Multiple attack vectors: Although the side-channel attacks dubbed Meltdown and Spectre dominated the news headlines during the quarter, some of the top attacks targeted mobile devices or known exploits on router, web or internet technologies. Twenty-one percent of organizations reported mobile malware (up 7% from last quarter), demonstrating that IoT devices continue to be a growing target. Cybercriminals also continue to recognize the value of exploiting known vulnerabilities that haven’t been patched, as well as exploiting zero-day vulnerabilities. Microsoft continued to be the number one target for exploits, and routers took the number two spot in total attack volume. Content management systems and web-oriented technologies were also heavily targeted.

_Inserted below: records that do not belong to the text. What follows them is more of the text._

(* For every fixed positive integer $n_0$, all sufficiently large superabundant numbers are multiples of $n_0$; that is, only finitely many superabundant numbers are not divisible by $n_0$.
   Context: For a positive integer $n$, $\sigma(n)=\sum_{d\mid n} d$. A positive integer $s$ is superabundant if $\sigma(n)/n<\sigma(s)/s$ for all integers $0<n<s$. *)

theory Defs
  imports Complex_Main "HOL-Computational_Algebra.Primes"
begin

definition sigma :: "nat \<Rightarrow> nat" where
  "sigma n = (\<Sum>d | d dvd n. d)"

definition superabundant :: "nat \<Rightarrow> bool" where
  "superabundant s \<longleftrightarrow> s > 0 \<and>
     (\<forall>n. 0 < n \<and> n < s \<longrightarrow> real (sigma n) / real n < real (sigma s) / real s)"

end

theory Submission
  imports Defs
begin

(*
  Let s be superabundant with p-adic valuation a = v_p(s) < k for some
  prime p, and let r be any other prime with r^e exactly dividing s.  If r^e were large
  compared with p^k, choose i with r^i \<le> p < r^(i+1) and exchange: s' = s * p / r^(i+1)
  is a smaller positive integer, and comparing the multiplicative factors of sigma(n)/n at p
  and r shows sigma(s')/s' \<ge> sigma(s)/s, contradicting superabundance.  Hence every prime
  power exactly dividing s is below B = 2 p^(k+2), so s has fewer than B prime factors
  and s \<le> B^B.  If n0 does not divide s, some prime p has v_p(s) < v_p(n0); so every
  such superabundant s is bounded in terms of n0, and there are only finitely many.
*)

text \<open>sigma is multiplicative: divisors of m*n are exactly the products of divisors of
  m and of n, uniquely so when m and n are coprime.\<close>
lemma sigma_mult:
  fixes m n :: nat
  assumes "coprime m n" "m > 0" "n > 0"
  shows "sigma (m * n) = sigma m * sigma n"
proof -
  let ?A = "{d. d dvd m}" and ?B = "{d. d dvd n}" and ?prod = "\<lambda>x. fst x * snd x"
  have inj: "inj_on ?prod (?A \<times> ?B)"
  proof (rule inj_onI, clarsimp)
    fix a b a' b' assume h: "a dvd m" "b dvd n" "a' dvd m" "b' dvd n" "a * b = a' * b'"
    have "coprime a b'" "coprime a' b"
      using coprime_divisors[OF _ _ assms(1)] h by auto
    moreover have "a dvd a' * b'" "a' dvd a * b" using h(5) by (metis dvd_triv_left)+
    ultimately have "a = a'" by (simp add: coprime_dvd_mult_left_iff dvd_antisym)
    moreover have "a \<noteq> 0" using h(1) assms(2) by auto
    ultimately show "a = a' \<and> b = b'" using h(5) by simp
  qed
  have img: "?prod ` (?A \<times> ?B) = {d. d dvd m * n}"
  proof (rule set_eqI, rule iffI)
    fix d assume "d \<in> {d. d dvd m * n}"
    then obtain a b where "d = a * b" "a dvd m" "b dvd n" using division_decomp by blast
    then show "d \<in> ?prod ` (?A \<times> ?B)" by force
  qed (auto intro: mult_dvd_mono)
  have "sigma m * sigma n = (\<Sum>x\<in>?A \<times> ?B. ?prod x)"
    unfolding sigma_def by (simp add: sum_product sum.cartesian_product case_prod_beta)
  also have "\<dots> = (\<Sum>d\<in>?prod ` (?A \<times> ?B). d)"
    using sum.reindex[OF inj, of "\<lambda>d. d"] by simp
  finally show ?thesis unfolding sigma_def img by simp
qed

lemma sigma_prime_power:
  fixes p :: nat
  assumes "prime p"
  shows "sigma (p ^ a) = (\<Sum>i\<le>a. p ^ i)"
proof -
  have "{d. d dvd p ^ a} = (\<lambda>i. p ^ i) ` {..a}"
    using divides_primepow_nat[OF assms] by auto
  moreover have "inj_on (\<lambda>i. p ^ i) {..a}"
    using prime_gt_1_nat[OF assms] by (simp add: inj_on_def)
  ultimately show ?thesis unfolding sigma_def by (simp add: sum.reindex)
qed

lemma two_prime_decomposition:
  fixes p r s :: nat
  assumes "prime p" "prime r" "p \<noteq> r" "s > 0"
  obtains m where "s = p ^ multiplicity p s * r ^ multiplicity r s * m"
    "coprime p m" "coprime r m" "m > 0"
proof -
  define e where "e = multiplicity r s"
  have nu: "\<not> is_unit p" "\<not> is_unit r" using assms(1,2) by (auto simp: not_prime_unit)
  obtain y where y: "s = r ^ e * y" "\<not> r dvd y"
    using multiplicity_decompose'[OF _ nu(2), of s] assms(4) unfolding e_def by blast
  have "y \<noteq> 0" using y(1) assms(4) by (metis mult_0_right less_irrefl)
  then obtain m where m: "y = p ^ multiplicity p y * m" "\<not> p dvd m"
    using multiplicity_decompose'[OF _ nu(1)] by blast
  have "\<not> p dvd r ^ e"
    using assms(1-3) by (metis prime_dvd_power_nat primes_dvd_imp_eq)
  hence "\<not> p dvd r ^ e * m" using m(2) assms(1) by (simp add: prime_dvd_mult_iff)
  moreover have s_eq: "s = p ^ multiplicity p y * (r ^ e * m)"
    using y m by (simp add: algebra_simps)
  ultimately have "multiplicity p s = multiplicity p y"
    using assms(1) by (intro multiplicity_decomposeI) auto
  hence "s = p ^ multiplicity p s * r ^ e * m"
    using s_eq by (simp add: mult.assoc)
  moreover have "\<not> r dvd m" using y(2) m(1) by (metis dvd_mult)
  moreover have "m > 0" using \<open>y \<noteq> 0\<close> m(1) by (auto intro: gr0I)
  ultimately show ?thesis
    using that m(2) assms(1,2) unfolding e_def by (simp add: prime_imp_coprime)
qed

lemma sigma_two_prime_powers:
  fixes p r m :: nat
  assumes "prime p" "prime r" "p \<noteq> r" "coprime p m" "coprime r m" "m > 0"
  shows "sigma (p ^ b * r ^ c * m) = (\<Sum>i\<le>b. p ^ i) * (\<Sum>i\<le>c. r ^ i) * sigma m"
proof -
  have pos: "p ^ b > 0" "r ^ c > 0" using assms(1,2) by (auto dest: prime_gt_0_nat)
  have "coprime (p ^ b) (r ^ c)" using primes_coprime[OF assms(1-3)] by simp
  moreover have "coprime (p ^ b * r ^ c) m" using assms(4,5) by simp
  ultimately show ?thesis
    using sigma_mult pos assms(6) sigma_prime_power[OF assms(1)] sigma_prime_power[OF assms(2)]
    by simp
qed

lemma superabundant_compare:
  assumes "superabundant s" "0 < n" "n < s"
  shows "sigma n * s < sigma s * n"
proof -
  have "real (sigma n) / real n < real (sigma s) / real s"
    using assms unfolding superabundant_def by blast
  hence "real (sigma n) * real s < real (sigma s) * real n"
    using assms(2,3) by (simp add: field_simps)
  then show ?thesis by (simp flip: of_nat_mult)
qed

lemma geometric_sum_split:
  "(\<Sum>i<m + n. (t::nat) ^ i) = (\<Sum>i<m. t ^ i) + t ^ m * (\<Sum>i<n. t ^ i)"
  by (induction n) (auto simp: power_add algebra_simps)

lemma geometric_sum_le:
  assumes "(t::nat) \<ge> 2"
  shows "(\<Sum>i\<le>n. t ^ i) \<le> 2 * t ^ n"
proof (induction n)
  case (Suc n)
  have "(\<Sum>i\<le>Suc n. t ^ i) \<le> 2 * t ^ n + t ^ Suc n" using Suc by simp
  also have "2 * t ^ n \<le> t ^ Suc n" using assms by simp
  finally show ?case by simp
qed simp

lemma power_bracket:
  fixes r p e :: nat
  assumes "p \<ge> 1" "p < r ^ e"
  shows "\<exists>i. i < e \<and> r ^ i \<le> p \<and> p < r ^ Suc i"
  using assms(2)
proof (induction e)
  case (Suc e)
  show ?case
  proof (cases "p < r ^ e")
    case True
    then show ?thesis using Suc.IH less_SucI by blast
  next
    case False
    then show ?thesis using Suc.prems by auto
  qed
qed (use assms(1) in simp)

text \<open>Replacing r^(i+1) by p in s = p^a r^e m changes sigma(s)/s by the factor
  [P(a+1) R(e-i-1) r^(i+1)] / [p P(a) R(e)], P and R the geometric sums at p and r.\<close>
lemma exchange_inequality:
  fixes p r a e i k :: nat
  assumes p2: "p \<ge> 2" and r2: "r \<ge> 2" and ie: "i < e" and rp: "r ^ i \<le> p"
    and ak: "a < k" and big: "2 * p ^ (k + 2) \<le> r ^ e"
  shows "p * (\<Sum>l\<le>a. p ^ l) * (\<Sum>l\<le>e. r ^ l)
           \<le> (\<Sum>l\<le>Suc a. p ^ l) * (\<Sum>l\<le>e - Suc i. r ^ l) * r ^ Suc i"
proof -
  define P where "P = (\<Sum>l\<le>a. p ^ l)"
  define R where "R = (\<Sum>l\<le>e - Suc i. r ^ l)"
  define T where "T = (\<Sum>l<Suc i. r ^ l)"
  have R_e: "(\<Sum>l\<le>e. r ^ l) = T + r ^ Suc i * R"
    using geometric_sum_split[where m = "Suc i" and n = "Suc (e - Suc i)" and t = r] ie
    unfolding T_def R_def lessThan_Suc_atMost[symmetric] by simp
  have P_Suc: "(\<Sum>l\<le>Suc a. p ^ l) = 1 + p * P"
    using geometric_sum_split[where m = 1 and n = "Suc a" and t = p]
    unfolding P_def lessThan_Suc_atMost[symmetric] by simp
  have "r ^ e = r ^ (e - Suc i) * r ^ Suc i" using ie by (metis Suc_leI le_add_diff_inverse2 power_add)
  also have "\<dots> \<le> R * r ^ Suc i" unfolding R_def by (simp add: member_le_sum)
  finally have R_big: "r ^ e \<le> R * r ^ Suc i" .
  have "T \<le> 2 * r ^ i"
    using geometric_sum_le[OF r2] unfolding T_def lessThan_Suc_atMost by simp
  hence "p * P * T \<le> p * (2 * p ^ a) * (2 * p)"
    using rp geometric_sum_le[OF p2, of a] unfolding P_def by (intro mult_le_mono) auto
  also have "\<dots> = 2 * (2 * p ^ (a + 2))" by (simp add: power_add power2_eq_square)
  also have "2 * p ^ (a + 2) \<le> p ^ (a + 3)" using p2 by (simp add: numeral_3_eq_3)
  also have "p ^ (a + 3) \<le> p ^ (k + 2)" using ak p2 by (intro power_increasing) auto
  finally have "p * P * T \<le> R * r ^ Suc i" using big R_big by linarith
  hence "p * P * (T + r ^ Suc i * R) \<le> (1 + p * P) * R * r ^ Suc i"
    by (simp add: algebra_simps)
  then show ?thesis using R_e P_Suc unfolding P_def R_def by simp
qed

text \<open>If v_p(s) < k for a superabundant s, every other prime power exactly dividing s
  is below 2 p^(k+2); otherwise the exchange of the previous section yields a smaller
  number with at least the same abundancy.\<close>
lemma superabundant_prime_power_bound:
  fixes s p r k :: nat
  assumes SA: "superabundant s" and p: "prime p" and ak: "multiplicity p s < k"
    and r: "prime r" and rp: "r \<noteq> p"
  shows "r ^ multiplicity r s < 2 * p ^ (k + 2)"
proof (rule ccontr)
  define a where "a = multiplicity p s"
  define e where "e = multiplicity r s"
  assume "\<not> ?thesis"
  hence big: "2 * p ^ (k + 2) \<le> r ^ e" unfolding e_def by simp
  have s0: "s > 0" using SA unfolding superabundant_def by simp
  have p2: "p \<ge> 2" and r2: "r \<ge> 2" using p r prime_ge_2_nat by auto
  obtain m where s_eq: "s = p ^ a * r ^ e * m" and m: "coprime p m" "coprime r m" "m > 0"
    using two_prime_decomposition[OF p r rp[symmetric] s0] unfolding a_def e_def by blast
  have "p \<le> p ^ (k + 2)" using p2 by (simp add: self_le_power)
  hence "p < r ^ e" using big p2 by linarith
  then obtain i where ie: "i < e" and rp_i: "r ^ i \<le> p" and p_ri: "p < r ^ Suc i"
    using power_bracket[of p r e] p2 by auto
  define s' where "s' = p ^ Suc a * r ^ (e - Suc i) * m"
  have ri_e: "r ^ e = r ^ Suc i * r ^ (e - Suc i)" using ie by (metis Suc_leI le_add_diff_inverse power_add)
  have "s' * r ^ Suc i = p * s" unfolding s'_def s_eq ri_e by (simp add: algebra_simps)
  hence "s' < s" using p_ri s0 by (metis mult.commute mult_less_cancel1 mult_less_mono2)
  moreover have "s' > 0" unfolding s'_def using m p2 r2 by simp
  ultimately have lt: "sigma s' * s < sigma s * s'" using superabundant_compare[OF SA] by blast
  have sig: "sigma (p ^ b * r ^ c * m) = (\<Sum>l\<le>b. p ^ l) * (\<Sum>l\<le>c. r ^ l) * sigma m" for b c
    using sigma_two_prime_powers[OF p r rp[symmetric] m] .
  have "sigma s * s' = (p * (\<Sum>l\<le>a. p ^ l) * (\<Sum>l\<le>e. r ^ l)) * (p ^ a * r ^ (e - Suc i) * sigma m * m)"
    unfolding s'_def s_eq sig by (simp add: algebra_simps)
  also have "\<dots> \<le> ((\<Sum>l\<le>Suc a. p ^ l) * (\<Sum>l\<le>e - Suc i. r ^ l) * r ^ Suc i)
                     * (p ^ a * r ^ (e - Suc i) * sigma m * m)"
    using exchange_inequality[OF p2 r2 ie rp_i _ big] ak unfolding a_def
    by (intro mult_right_mono) auto
  also have "\<dots> = sigma s' * s" unfolding s'_def s_eq sig ri_e by (simp add: algebra_simps)
  finally show False using lt by simp
qed

text \<open>A positive integer all of whose exact prime-power divisors are below B has at most
  B prime factors, hence is at most B^B.\<close>
lemma bounded_prime_powers_imp_bounded:
  fixes s B :: nat
  assumes "s > 0" and small: "\<And>q. q \<in> prime_factors s \<Longrightarrow> q ^ multiplicity q s < B"
  shows "s \<le> B ^ B"
proof -
  have factorization: "s = (\<Prod>q\<in>prime_factors s. q ^ multiplicity q s)"
    by (rule prime_factorization_nat[OF assms(1)])
  show ?thesis
  proof (cases "prime_factors s = {}")
    case True
    have "s = 1" by (subst factorization) (simp add: True)
    then show ?thesis using one_le_power[of B B] by (cases "B = 0") auto
  next
    case False
    have "prime_factors s \<subseteq> {..<B}"
    proof
      fix q assume q: "q \<in> prime_factors s"
      have "multiplicity q s \<ge> 1" using q assms(1) by (simp add: prime_factors_multiplicity)
      moreover have "q > 0" using q by (auto intro: prime_gt_0_nat)
      ultimately have "q ^ 1 \<le> q ^ multiplicity q s" by (intro power_increasing) auto
      then show "q \<in> {..<B}" using small[OF q] by simp
    qed
    hence "card (prime_factors s) \<le> card {..<B}" by (intro card_mono) auto
    moreover obtain q where "q \<in> prime_factors s" using False by blast
    hence "B \<ge> 1" using small by fastforce
    ultimately have "(\<Prod>q\<in>prime_factors s. q ^ multiplicity q s) \<le> B ^ B"
      by (intro prod_le_power) (simp_all add: less_imp_le small)
    then show ?thesis using factorization by linarith
  qed
qed

lemma superabundant_bound:
  fixes s p k :: nat
  assumes SA: "superabundant s" and p: "prime p" and ak: "multiplicity p s < k"
  shows "s \<le> (2 * p ^ (k + 2)) ^ (2 * p ^ (k + 2))"
proof (rule bounded_prime_powers_imp_bounded)
  show "s > 0" using SA unfolding superabundant_def by simp
  fix q assume q: "q \<in> prime_factors s"
  show "q ^ multiplicity q s < 2 * p ^ (k + 2)"
  proof (cases "q = p")
    case True
    have "p ^ multiplicity p s < p ^ k" using ak prime_gt_1_nat[OF p] by simp
    also have "\<dots> \<le> p ^ (k + 2)" using prime_gt_0_nat[OF p] by (intro power_increasing) auto
    finally have "p ^ multiplicity p s < 2 * p ^ (k + 2)" by linarith
    then show ?thesis using True by simp
  next
    case False
    show ?thesis using superabundant_prime_power_bound[OF SA p ak _ False] q by auto
  qed
qed

lemma not_dvd_imp_smaller_multiplicity:
  fixes n0 s :: nat
  assumes "n0 > 0" "\<not> n0 dvd s"
  obtains p where "p \<in> prime_factors n0" "multiplicity p s < multiplicity p n0"
proof -
  have "\<not> (\<forall>p. prime p \<longrightarrow> multiplicity p n0 \<le> multiplicity p s)"
    using assms multiplicity_le_imp_dvd[of n0 s] by auto
  then obtain p where p: "prime p" "multiplicity p s < multiplicity p n0"
    by (auto simp: not_le)
  hence "p dvd n0" using not_dvd_imp_multiplicity_0[of p n0] by (cases "p dvd n0") auto
  hence "p \<in> prime_factors n0" using p(1) assms(1) by (simp add: in_prime_factors_iff)
  then show ?thesis using that p(2) by blast
qed

theorem proposition1:
  fixes n0 :: nat
  assumes "n0 > 0"
  shows "finite {s. superabundant s \<and> \<not> n0 dvd s}"
proof (rule finite_subset)
  define B where "B p = 2 * p ^ (multiplicity p n0 + 2)" for p :: nat
  show "{s. superabundant s \<and> \<not> n0 dvd s} \<subseteq> (\<Union>p\<in>prime_factors n0. {..B p ^ B p})"
  proof clarify
    fix s assume SA: "superabundant s" and nd: "\<not> n0 dvd s"
    obtain p where p: "p \<in> prime_factors n0" and small: "multiplicity p s < multiplicity p n0"
      using not_dvd_imp_smaller_multiplicity[OF assms nd] .
    have "s \<le> B p ^ B p"
      using superabundant_bound[OF SA in_prime_factors_imp_prime[OF p] small] unfolding B_def .
    then show "s \<in> (\<Union>p\<in>prime_factors n0. {..B p ^ B p})" using p by blast
  qed
qed simp

end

More than patching is needed: Measuring how long botnet infections persist based on the number of consecutive days in which continued communications are detected reveals that cyber hygiene involves far more than just patching. It is also about cleanup. Data shows that while 58% of botnet infections lasted one day, 5% lasted more than a week. Interestingly, 42% of organizations did not bother to clean up infections for one to nine or more days, with 6% taking well over a week. For example, while the Andromeda botnet was taken down in Q4 2017, data from Q1 2018 found it was still appearing prominently in both volume and prevalence.
Operational technology under attack: While OT attacks are a smaller percentage of the overall attack landscape, the trends are concerning. This sector is increasingly becoming connected to the internet, with serious potential ramifications for security. Currently, the vast majority of exploit activity is directed against the two most common industrial communication protocols because they are widely deployed and therefore highly targeted. Data shows that in Asia, industrial control system exploit attempts appear to be somewhat more prevalent when comparing the prevalence of ICS exploit activity across other regions.
Integrated security required: The threat data in this quarter’s report reinforces many of the trends predicted by the Fortinet FortiGuard Labs global research team for 2018, demonstrating that the best defense against intelligent and automated threats is an integrated, broad and automated security fabric. A highly aware and proactive security defense system is needed to keep pace with the next generation of automated, AI-based attacks.
A three-pronged approach to protecting IoT
Several exploits targeting IoT devices topped the charts this quarter. Fortinet recommends the “learn, segment and protect” approach to defeat those exploits. This starts with learning more about the devices connected to networks, how they’re configured and how they authenticate. Organizations need to understand the capabilities and limitations of each device and network ecosystem they are tying together. To do this, security systems require complete network visibility in order to securely authenticate and classify all IoT devices. OT and ICS/SCADA networks and devices are particularly sensitive to any sort of service interruption. So, it is essential that organizations use a trust-based security framework to automatically discover and classify devices in real time, to build risk profiles and then dynamically assign IoT devices to device groups, and to distribute appropriate policies to security devices and network segments.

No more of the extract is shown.